text \<open>Since \<open>\<ell>\<^sub>p\<close> prepends the letter \<open>p\<close>, the equation \<open>v - z L v = e\<^sub>k\<^sub>,\<^sub>k\<close> is solved coordinatewise
  by recursion on word length: \<open>\<omega>\<^sub>k(z)\<close> has coefficient \<open>z\<^sup>n\<^sup>-\<^sup>1 \<alpha>\<^sub>p\<^sub>1 \<cdots> \<alpha>\<^sub>p\<^sub>n\<^sub>-\<^sub>1\<close> on every admissible word
  \<open>p\<^sub>1 \<cdots> p\<^sub>n\<close> ending in \<open>(k, k)\<close>, and it lies in \<open>N\<close> for small \<open>|z|\<close> by comparison with a geometric
  series. The adjoint \<open>\<ell>\<^sub>p\<^sup>*\<close> strips a leading \<open>p\<close>, so \<open>(\<ell>\<^sub>p\<^sup>*)\<^sup>n \<omega>\<^sub>k(z)\<close> reads off the coefficients at
  the words \<open>p\<^sup>n w\<close>. For nonempty \<open>w\<close>, \<open>p\<^sup>n w\<close> is admissible exactly when \<open>w\<close> lies in the range of
  \<open>1\<^sub>p\<close>, which gives \<open>(\<alpha>\<^sub>p\<^sup>2 z)\<^sup>n 1\<^sub>p \<omega>\<^sub>k(z)\<close>; the only other contribution is the vacuum coefficient
  \<open>\<alpha>\<^sub>j\<^sub>,\<^sub>j (\<alpha>\<^sub>j\<^sub>,\<^sub>j\<^sup>2 z)\<^sup>n\<^sup>-\<^sup>1\<close> coming from the word \<open>(j, j)\<^sup>n\<close>. Summing against the coefficients of \<open>f\<close>
  gives both formulas.\<close>

fun smf_word :: "(nat \<times> nat) set \<Rightarrow> (nat \<times> nat) list \<Rightarrow> bool" where
  "smf_word J [] = True"
| "smf_word J [a] = (a \<in> J \<and> fst a = snd a)"
| "smf_word J (a # b # w) =
     (a \<in> J \<and> smf_word J (b # w) \<and> (b = a \<or> fst a \<noteq> snd a \<and> fst b = snd a))"

lemma smf_word_subset: "smf_word J w \<Longrightarrow> set w \<subseteq> J"
  by (induction J w rule: smf_word.induct) auto

lemma smf_word_replicate_append:
  assumes "n \<ge> 1"
  shows "smf_word J (replicate n a @ w) \<longleftrightarrow> a \<in> J \<and>
     (if w = [] then fst a = snd a
      else smf_word J w \<and> (hd w = a \<or> fst a \<noteq> snd a \<and> fst (hd w) = snd a))"
  using assms
proof (induction n rule: dec_induct)
  case base
  then show ?case by (cases w) auto
next
  case (step m)
  then obtain m' where "m = Suc m'" by (cases m) auto
  with step show ?case by auto
qed

fun block_word :: "nat list \<Rightarrow> nat list \<Rightarrow> (nat \<times> nat) list" where
  "block_word (i # i' # ks) (n # ns) = replicate n (i, i') @ block_word (i' # ks) ns"
| "block_word [i] (n # ns) = replicate n (i, i)"
| "block_word _ _ = []"

lemma concat_blocks_eq_block_word:
  "length ns = length ks \<Longrightarrow>
   concat (map (\<lambda>k. replicate (ns ! k)
      (ks ! k, if k + 1 < length ks then ks ! (k + 1) else ks ! k)) [0..<length ks])
   = block_word ks ns"
proof (induction ks arbitrary: ns)
  case Nil
  then show ?case by simp
next
  case (Cons i ks')
  then obtain n ns' where ns: "ns = n # ns'" "length ns' = length ks'" by (cases ns) auto
  have up: "[0..<length (i # ks')] = 0 # map Suc [0..<length ks']"
    by (simp add: map_Suc_upt upt_conv_Cons del: upt_Suc)
  show ?case
  proof (cases ks')
    case Nil
    with ns show ?thesis by simp
  next
    case (Cons i' ks'')
    have "concat (map (\<lambda>k. replicate (ns ! k) ((i # ks') ! k,
              if k + 1 < length (i # ks') then (i # ks') ! (k + 1) else (i # ks') ! k))
            (map Suc [0..<length ks']))
        = concat (map (\<lambda>k. replicate (ns' ! k)
              (ks' ! k, if k + 1 < length ks' then ks' ! (k + 1) else ks' ! k)) [0..<length ks'])"
      using ns by (auto simp: comp_def simp del: add_Suc simp flip: Suc_eq_plus1
          intro!: arg_cong[where f = concat] map_cong)
    also have "\<dots> = block_word ks' ns'"
      using Cons.IH ns by simp
    finally show ?thesis
      using ns up Cons by simp
  qed
qed

definition valid_blocks :: "nat list \<Rightarrow> nat list \<Rightarrow> bool" where
  "valid_blocks ks ns \<longleftrightarrow> ks \<noteq> [] \<and> length ns = length ks \<and> (\<forall>n\<in>set ns. n \<ge> 1) \<and>
     (\<forall>k. k + 1 < length ks \<longrightarrow> ks ! k \<noteq> ks ! (k + 1))"

lemma valid_blocks_Cons_Cons:
  "valid_blocks (i # i' # ks) (n # ns) \<longleftrightarrow> valid_blocks (i' # ks) ns \<and> i \<noteq> i' \<and> n \<ge> 1"
proof -
  have "(\<forall>k. k + 1 < length (i # i' # ks) \<longrightarrow> (i # i' # ks) ! k \<noteq> (i # i' # ks) ! (k + 1))
     \<longleftrightarrow> i \<noteq> i' \<and> (\<forall>k. k + 1 < length (i' # ks) \<longrightarrow> (i' # ks) ! k \<noteq> (i' # ks) ! (k + 1))"
    (is "(\<forall>k. ?P k) \<longleftrightarrow> _")
  proof
    assume "\<forall>k. ?P k"
    then show "i \<noteq> i' \<and> (\<forall>k. k + 1 < length (i' # ks) \<longrightarrow> (i' # ks) ! k \<noteq> (i' # ks) ! (k + 1))"
      by (metis Suc_eq_plus1 length_Cons nat_add_left_cancel_less nth_Cons_Suc plus_1_eq_Suc
          zero_less_Suc nth_Cons_0)
  next
    assume r: "i \<noteq> i' \<and> (\<forall>k. k + 1 < length (i' # ks) \<longrightarrow> (i' # ks) ! k \<noteq> (i' # ks) ! (k + 1))"
    show "\<forall>k. ?P k"
    proof (intro allI impI)
      fix k
      assume "k + 1 < length (i # i' # ks)"
      with r show "(i # i' # ks) ! k \<noteq> (i # i' # ks) ! (k + 1)"
        by (cases k) auto
    qed
  qed
  then show ?thesis
    unfolding valid_blocks_def by auto
qed

lemma hd_block_word:
  "valid_blocks ks ns \<Longrightarrow>
   block_word ks ns \<noteq> [] \<and>
   hd (block_word ks ns) = (hd ks, case tl ks of [] \<Rightarrow> hd ks | i' # _ \<Rightarrow> i')"
proof (induction ks ns rule: block_word.induct)
  case (1 i i' ks n ns)
  then show ?case by (cases n) (auto simp: valid_blocks_def)
next
  case (2 i n ns)
  then show ?case by (cases n) (auto simp: valid_blocks_def)
qed (auto simp: valid_blocks_def)

lemma smf_word_block_word:
  "valid_blocks ks ns \<Longrightarrow> set (block_word ks ns) \<subseteq> J \<Longrightarrow> smf_word J (block_word ks ns)"
proof (induction ks ns rule: block_word.induct)
  case (1 i i' ks n ns)
  then have v: "valid_blocks (i' # ks) ns" "i \<noteq> i'" "n \<ge> 1"
    using valid_blocks_Cons_Cons by auto
  then have "block_word (i' # ks) ns \<noteq> []" "fst (hd (block_word (i' # ks) ns)) = i'"
    using hd_block_word[OF v(1)] by auto
  moreover have "smf_word J (block_word (i' # ks) ns)"
    using 1 v by auto
  moreover have "(i, i') \<in> J"
    using "1.prems"(2) v(3) by (cases n) auto
  ultimately show ?case
    using smf_word_replicate_append[OF v(3), of J "(i, i')"] v by auto
next
  case (2 i n ns)
  then have "n \<ge> 1" "(i, i) \<in> J"
    by (cases n; auto simp: valid_blocks_def)+
  then show ?case
    using smf_word_replicate_append[of n J "(i, i)" "[]"] by simp
qed (auto simp: valid_blocks_def)
lemma has_real_derivative_Vfun_le:
  assumes "\<tau> < u"
  shows "\<exists>V'. (Vfun N v has_real_derivative V') (at u)
    \<and> V' \<le> 4 * \<tau> * lam ^ 3 * integral {u - \<tau>..u} (Dtilde N \<tau> \<psi> x v) - lam * Dtilde N \<tau> \<psi> x v u"
proof (intro exI conjI)
  show "(Vfun N v has_real_derivative
      2 * lam * (\<Sum>i<N. \<Sum>j<N. weight u i j * inner (v i u) (v j (u - \<tau>) - v i (u - \<tau>)))) (at u)"
    using assms tau_pos by (intro has_real_derivative_Vfun) simp
  have "(\<Sum>i<N. \<Sum>j<N. weight u i j * inner (v i u) (v j (u - \<tau>) - v i (u - \<tau>)))
      \<le> - (1/2) * Dtilde N \<tau> \<psi> x v u + N * (\<Sum>i<N. norm (v i u - v i (u - \<tau>)) ^ 2)"
    using sum_sum_symmetric_weighted_inner_diff_le[of "{..<N}" "weight u" "\<lambda>i. v i u" "\<lambda>i. v i (u - \<tau>)"]
      weight_sym weight_range
    by (simp add: Dtilde_eq)
  also have "\<dots> \<le> - (1/2) * Dtilde N \<tau> \<psi> x v u
      + 2 * \<tau> * lam ^ 2 * integral {u - \<tau>..u} (Dtilde N \<tau> \<psi> x v)"
    using mult_left_mono[OF sum_velocity_increment_le[OF assms], of N] N_pos by simp
  finally have "2 * lam * (\<Sum>i<N. \<Sum>j<N. weight u i j * inner (v i u) (v j (u - \<tau>) - v i (u - \<tau>)))
      \<le> 2 * lam * (- (1/2) * Dtilde N \<tau> \<psi> x v u
        + 2 * \<tau> * lam ^ 2 * integral {u - \<tau>..u} (Dtilde N \<tau> \<psi> x v))"
    using lam_pos by (intro mult_left_mono) auto
  then show "2 * lam * (\<Sum>i<N. \<Sum>j<N. weight u i j * inner (v i u) (v j (u - \<tau>) - v i (u - \<tau>)))
      \<le> 4 * \<tau> * lam ^ 3 * integral {u - \<tau>..u} (Dtilde N \<tau> \<psi> x v) - lam * Dtilde N \<tau> \<psi> x v u"
    by (simp add: power3_eq_cube power2_eq_square algebra_simps)
qed
(* Suppose that a pair $(\mathfrak m,\mathfrak m^* )$ of functions on the edges of the lattice strip is ICSH and has ICRBV. Then for every $y\in\mathbb Z$, $$\int_{\gamma_y}\big(\mathfrak m(z)\psi(z)\,dz+\mathfrak m^*(z)\psi^*(z)\,d\bar z\big)=\int_{\gamma_0}\big(\mathfrak m(z)\psi(z)\,dz+\mathfrak m^*(z)\psi^*(z)\,d\bar z\big).$$
   Context: Fix integers $a<0<b$, $C=\{a,\dots,b\}$, $C^*=\{a+\frac12,\dots,b-\frac12\}$. $\tilde V$ has orthonormal basis $(e_\rho)_{\rho\in\{\pm1\}^C}$. For $x'\in C^*$, $\varsigma_{x'}(\rho)$ flips the signs of $\rho_x$ for $x<x'$; $\psi_{x'}e_\rho=\frac{-\rho_{x'-1/2}+i\rho_{x'+1/2}}{\sqrt2}e_{\varsigma_{x'}(\rho)}$, $\psi^*_{x'}e_\rho=\frac{-i\rho_{x'-1/2}+\rho_{x'+1/2}}{\sqrt2}e_{\varsigma_{x'}(\rho)}$; $\mathrm{CliffGen}$ is their span. With $\beta=\frac12\log(\sqrt2+1)$: $T_h^{1/2}$ diagonal with entries $\exp(\frac\beta2\sum_{x=a}^{b-1}\rho_x\rho_{x+1})$, $e_\tau^\dagger T_ve_\rho=\exp(\beta\sum_{x=a}^b\rho_x\tau_x)\delta_{\tau_a\rho_a}\delta_{\tau_b\rho_b}$, $T=T_h^{1/2}T_vT_h^{1/2}$. The lattice strip: vertices $C\times\mathbb Z\subset\mathbb C$, nearest-neighbour edges $E$ identified with midpoints, faces with centres $p$; vertical edges $a+iy'$ / $b+iy'$ ($y'\in\mathbb Z+\frac12$) are left / right boundary edges. The fermions $\psi,\psi^*:E\to\mathrm{CliffGen}$ are the unique functions with $\psi(x'+iy)=T^{-y}\psi_{x'}T^y$, $\psi^*(x'+iy)=T^{-y}\psi^*_{x'}T^y$ on horizontal edges, such that for edges $z_1,z_2$ adjacent to a common vertex $v$ and face $p$, $\psi(z_1)+\frac{i|v-p|}{v-p}\psi^*(z_1)=\psi(z_2)+\frac{i|v-p|}{v-p}\psi^*(z_2)$, and $\psi(L)+i\psi^*(L)=0$, $\psi(R)-i\psi^*(R)=0$ on left/right boundary edges. For a contour $(w_0,\dots,w_m)$ with $z_j$ the edge joining $w_{j-1},w_j$: $\int(\mathfrak m\psi\,dz+\mathfrak m^*\psi^*\,d\bar z)=\sum_j(\mathfrak m(z_j)\psi(z_j)(w_j-w_{j-1})+\mathfrak m^*(z_j)\psi^*(z_j)\overline{(w_j-w_{j-1})})$. $\gamma_y=(a+iy,a+1+iy,\dots,b+iy)$. ICSH: for edges $z_1,z_2$ adjacent to a common vertex $v$ and face $p$, $\mathfrak m(z_1)-\frac{i|v-p|}{v-p}\mathfrak m^*(z_1)=\mathfrak m(z_2)-\frac{i|v-p|}{v-p}\mathfrak m^*(z_2)$. ICRBV: $\mathfrak m(L)-i\mathfrak m^*(L)=0$ and $\mathfrak m(R)+i\mathfrak m^*(R)=0$ on all left/right boundary edges $L,R$. *)

theory Defs
  imports Complex_Main
begin
lemma lower_exponent_choice:
  fixes m M \<sigma> s L L' :: real
  assumes m: "0 < m" and M: "0 < M" and ss: "s \<le> \<sigma>" and s: "0 < s"
    and F: "L * M\<^sup>2 \<le> m * s\<^sup>2" and LL: "L' + 1/4 \<le> L" and L': "0 \<le> L'"
  defines "w \<equiv> \<sigma>\<^sup>2 - M\<^sup>2 / (8 * m)"
  shows "\<exists>l. 0 \<le> l \<and> l * M\<^sup>2 \<le> 4 * m \<and> l * (\<sigma> - s)\<^sup>2 - (l - l\<^sup>2 * M\<^sup>2 / (4 * m)) * w \<le> - L'"
proof -
  define G where "G = \<sigma> * s - M\<^sup>2 / (8 * m)"
  define T where "T = (\<sigma> - s)\<^sup>2"
  define l where "l = 2 * m * (w - T) / (M\<^sup>2 * \<sigma>\<^sup>2)"
  note gap = lower_exponent_gap[OF m M ss s F LL L', folded G_def]
  have sig: "0 < \<sigma>" using ss s by simp
  have M2: "0 < M\<^sup>2" using M by simp
  have wT: "G \<le> w - T"
    using mult_right_mono[OF ss, of s] s unfolding G_def w_def T_def by (simp add: power2_eq_square algebra_simps)
  have "0 \<le> M\<^sup>2 / (8 * m)" using m by simp
  then have "w - T \<le> 2 * \<sigma>\<^sup>2"
    unfolding w_def T_def using zero_le_power2[of "\<sigma> - s"] zero_le_power2[of \<sigma>] by linarith
  then have "2 * m * (w - T) / \<sigma>\<^sup>2 \<le> 2 * m * (2 * \<sigma>\<^sup>2) / \<sigma>\<^sup>2"
    using m by (intro divide_right_mono mult_left_mono) auto
  moreover have "l * M\<^sup>2 = 2 * m * (w - T) / \<sigma>\<^sup>2" unfolding l_def using M2 sig by (simp add: field_simps)
  ultimately have lM: "l * M\<^sup>2 \<le> 4 * m" using sig by simp
  have "l * T - (l - l\<^sup>2 * M\<^sup>2 / (4 * m)) * w = - l * (w - T) + l\<^sup>2 * M\<^sup>2 / (4 * m) * w"
    by (simp add: algebra_simps)
  also have "\<dots> \<le> - l * (w - T) + l\<^sup>2 * M\<^sup>2 / (4 * m) * \<sigma>\<^sup>2"
    using m unfolding w_def by (intro add_left_mono mult_left_mono) auto
  also have "\<dots> = - m * (w - T)\<^sup>2 / (M\<^sup>2 * \<sigma>\<^sup>2)"
    unfolding l_def using m M sig by (simp add: field_simps power2_eq_square)
  also have "\<dots> \<le> - L'"
  proof -
    have "G\<^sup>2 \<le> (w - T)\<^sup>2" using wT gap(1) by (intro power_mono) auto
    then have "\<sigma>\<^sup>2 * M\<^sup>2 * L' \<le> m * (w - T)\<^sup>2" using gap(2) m by (meson mult_left_mono order.trans less_imp_le)
    then show ?thesis using M2 sig by (simp add: field_simps)
  qed
  finally have "l * T - (l - l\<^sup>2 * M\<^sup>2 / (4 * m)) * w \<le> - L'" .
  moreover have "0 \<le> l" unfolding l_def using wT gap(1) m by simp
  ultimately show ?thesis using lM unfolding T_def by blast
qed
lemma enc_smod_hom:
  assumes "smod_hom V W f"
  shows "smod_hom (enc_smod V :: ('a::comm_semiring_1, ('a \<times> 'm \<times> nat) set) smod)
    (enc_smod W :: ('a, ('a \<times> 'm \<times> nat) set) smod) (\<lambda>S. enc (f (dec S)))"
  using assms unfolding smod_hom_def enc_smod_def by auto

lemma enc_hom: "smod_hom V (enc_smod V :: ('a::comm_semiring_1, ('a \<times> 'm \<times> nat) set) smod) enc"
  unfolding smod_hom_def enc_smod_def by auto

section \<open>Finitely presented modules\<close>

locale fin_presentation =
  fixes M :: "('a::comm_semiring_1, 'm) smod" and k n :: nat
    and f g :: "(nat \<Rightarrow> 'a) \<Rightarrow> nat \<Rightarrow> 'a" and h :: "(nat \<Rightarrow> 'a) \<Rightarrow> 'm"
  assumes smM: "semimodule M"
    and f_hom': "smod_hom (fin_free k) (fin_free n) f"
    and g_hom': "smod_hom (fin_free k) (fin_free n) g"
    and h_hom': "smod_hom (fin_free n) M h"
    and h_onto': "h ` mcarrier (fin_free n) = mcarrier M"
    and h_kernel': "{(x, y). x \<in> mcarrier (fin_free n) \<and> y \<in> mcarrier (fin_free n) \<and> h x = h y} =
      cong_gen (fin_free n) {(f x, g x) | x. x \<in> mcarrier (fin_free k :: ('a, nat \<Rightarrow> 'a) smod)}"
begin

abbreviation An :: "('a, nat \<Rightarrow> 'a) smod" where "An \<equiv> free_smod {..<n}"
abbreviation Ak :: "('a, nat \<Rightarrow> 'a) smod" where "Ak \<equiv> free_smod {..<k}"

lemma f_hom: "smod_hom Ak An f" using f_hom' by (simp add: fin_free_def)
lemma g_hom: "smod_hom Ak An g" using g_hom' by (simp add: fin_free_def)
lemma h_hom: "smod_hom An M h" using h_hom' by (simp add: fin_free_def)
lemma h_onto: "h ` mcarrier An = mcarrier M" using h_onto' by (simp add: fin_free_def)
lemma h_kernel:
  "{(x, y). x \<in> mcarrier An \<and> y \<in> mcarrier An \<and> h x = h y} = cong_gen An {(f x, g x) | x. x \<in> mcarrier Ak}"
  using h_kernel' by (simp add: fin_free_def)

lemma delta_An: "i < n \<Longrightarrow> delta i \<in> mcarrier An"
  and delta_Ak: "j < k \<Longrightarrow> delta j \<in> mcarrier Ak"
  by (simp_all add: delta_in_free)

lemma h_closed: "v \<in> mcarrier An \<Longrightarrow> h v \<in> mcarrier M"
  using h_hom by (simp add: smod_hom_def)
^^^^^^^^
Your instructions:
Copy each line of the data above that holds "where".

Task solution:
fun smf_word :: "(nat \<times> nat) set \<Rightarrow> (nat \<times> nat) list \<Rightarrow> bool" where
  then obtain m' where "m = Suc m'" by (cases m) auto
fun block_word :: "nat list \<Rightarrow> nat list \<Rightarrow> (nat \<times> nat) list" where
  then obtain n ns' where ns: "ns = n # ns'" "length ns' = length ks'" by (cases ns) auto
          intro!: arg_cong[where f = concat] map_cong)
definition valid_blocks :: "nat list \<Rightarrow> nat list \<Rightarrow> bool" where
  define G where "G = \<sigma> * s - M\<^sup>2 / (8 * m)"
  define T where "T = (\<sigma> - s)\<^sup>2"
  define l where "l = 2 * m * (w - T) / (M\<^sup>2 * \<sigma>\<^sup>2)"
abbreviation An :: "('a, nat \<Rightarrow> 'a) smod" where "An \<equiv> free_smod {..<n}"
abbreviation Ak :: "('a, nat \<Rightarrow> 'a) smod" where "Ak \<equiv> free_smod {..<k}"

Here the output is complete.